I have been away from the internet for so long, because of my job as a sex worker, I have been a sex worker for 10 years now, in some capacity or another. And for the past five years or so, I have been focused on dominating, as a professional dominatrix. And so as sex workers, there’s definitely, a privacy required. The way that people talk about sex work now has changed dramatically from even just a few years ago. And it’s slowly starting to become more socially acceptable, I think.
But pretty much the first thing that you learn as a sex worker is that it makes you an easy target, and that people are going to harass you. And it is not smart for you to have social media connected to your personal life. So I shut it all down. I haven’t had social media for my personal life in years. And Tara hasn’t had personal social media for her personal life in years. Because she just thinks it’s toxic. And she thinks it’s nobody’s business, what she’s up to, on her own time, you know?
I’ve always had social media for my job. So I have still been on the internet, it’s just that I’ve been on the internet under a much different, much more underground persona. And then then COVID hit, and that really, really sucked a lot. A huge, huge mindfuck for everyone. It just totally decimated my income. Throughout my career in sex work, I have been doing a lot of stuff that is online, which is, I think another reason why people were able to kind of put two and two together to find me because, you know, I look the same. My voice sounds the same.
There’s a lot of smoke and mirrors that goes into sex work. I think a lot of clients and outside observers just think that, especially with the rise in Onlyfans right now, I think a lot of people think that all sex workers do is post nudes, and then make $100,000’s instantly, but that’s not what happens at all. And I was never mainstream popular as a sex worker. So even though I was working online, and I did have all of these different streams of income. I had to work my fucking ass off like every single day, because first of all, because you have to work your ass off every single day for sex work, but then you also have to work your ass off double if you are not crazy popular.

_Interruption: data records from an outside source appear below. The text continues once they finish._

lemma emeasure_dyadic_max_gt_le:
  assumes prob: "prob_space M" and non_atomic: "non_atomic M"
    and tree: "tree_with_children M T C"
    and g_nonneg: "\<And>t. t \<in> {0<..1} \<Longrightarrow> 0 \<le> g t"
    and g_integrable: "set_integrable lborel {0<..1} g"
    and g_antimono: "\<And>s t. 0 < s \<Longrightarrow> s \<le> t \<Longrightarrow> t \<le> 1 \<Longrightarrow> g t \<le> g s"
    and \<phi>_measurable[measurable]: "\<phi> \<in> borel_measurable M"
    and rearrangement: "\<And>t. t \<in> {0<..1} \<Longrightarrow> decr_rearr M \<phi> t = g t"
    and "0 \<le> l"
  shows "emeasure M {x\<in>space M. ennreal l < dyadic_max M T \<phi> x}
    \<le> emeasure lborel {t\<in>{0<..1}. l < hardy_operator g t}"
proof -
  interpret prob_space M by (rule prob)
  note g = g_nonneg g_integrable g_antimono
  define E where "E = {x\<in>space M. ennreal l < dyadic_max M T \<phi> x}"
  define s where "s = measure M E"
  have E_sets: "E \<in> sets M"
    unfolding E_def
    using borel_measurable_dyadic_max[OF tree_subset_sets[OF tree] countable_tree[OF tree]] by measurable
  show ?thesis
  proof (cases "s = 0")
    case True
    then show ?thesis by (simp add: E_def[symmetric] s_def emeasure_eq_measure)
  next
    case False
    then have s: "0 < s" "s \<le> 1" by (auto simp: s_def zero_less_measure_iff)
    have "ennreal (l * s) < (\<integral>\<^sup>+x\<in>E. ennreal \<bar>\<phi> x\<bar> \<partial>M)"
      using nn_set_integral_dyadic_max_level_set_gt[OF finite_measure_axioms tree \<phi>_measurable] s \<open>0 \<le> l\<close>
      by (simp add: E_def s_def emeasure_eq_measure ennreal_mult)
    also have "\<dots> \<le> (\<integral>\<^sup>+t\<in>{0<..s}. ennreal (g t) \<partial>lborel)"
      using nn_set_integral_le_decr_rearr[OF prob non_atomic \<phi>_measurable _ rearrangement E_sets]
        borel_measurable_integrable[OF g_integrable[unfolded set_integrable_def]]
      by (simp add: s_def)
    also have "\<dots> = ennreal (\<integral>t\<in>{0<..s}. g t \<partial>lborel)"
      using s by (intro nn_set_integral_Ioc_eq[OF g]) auto
    finally have "l * s < (\<integral>t\<in>{0<..s}. g t \<partial>lborel)"
      using s \<open>0 \<le> l\<close> by (simp add: ennreal_less_iff)
    then have "{0<..s} \<subseteq> {t\<in>{0<..1}. l < hardy_operator g t}"
      using s by (intro hardy_operator_gt_on_Ioc[OF g])
    then have "emeasure lborel {0<..s} \<le> emeasure lborel {t\<in>{0<..1}. l < hardy_operator g t}"
      by (intro emeasure_mono sets_hardy_operator_gt[OF g])
    then show ?thesis using s by (simp add: E_def[symmetric] s_def emeasure_eq_measure)
  qed
qed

So I’ve been so work focused for so long, it makes me embarrassed to talk about it because I can’t say I have all these hobbies, or I did all of this travel. But I’ve done all of these really cool things, they just don’t seem cool to me. I went to grad school for creative nonfiction writing but then I decided to drop out because I just couldn’t take it anymore. I dropped out to open my first dungeon. I took some improv classes. But I ended up dropping out of those too, because I was depressed. It kind of plays whole stereotype of comedians being funny, but also being sad as shit. That’s that’s pretty much what I’ve been up to. But I’m working my ass off trying to like build something.
Raven and I ended our conversation soon after this. We laughed and cried together, reminiscing about the earliest days of social media, and how the world has changed so much before our eyes. It seems like only yesterday we were mall goths/emos, but in the end I’m glad that Raven immortalized this time, giving us something to revisit over and over again.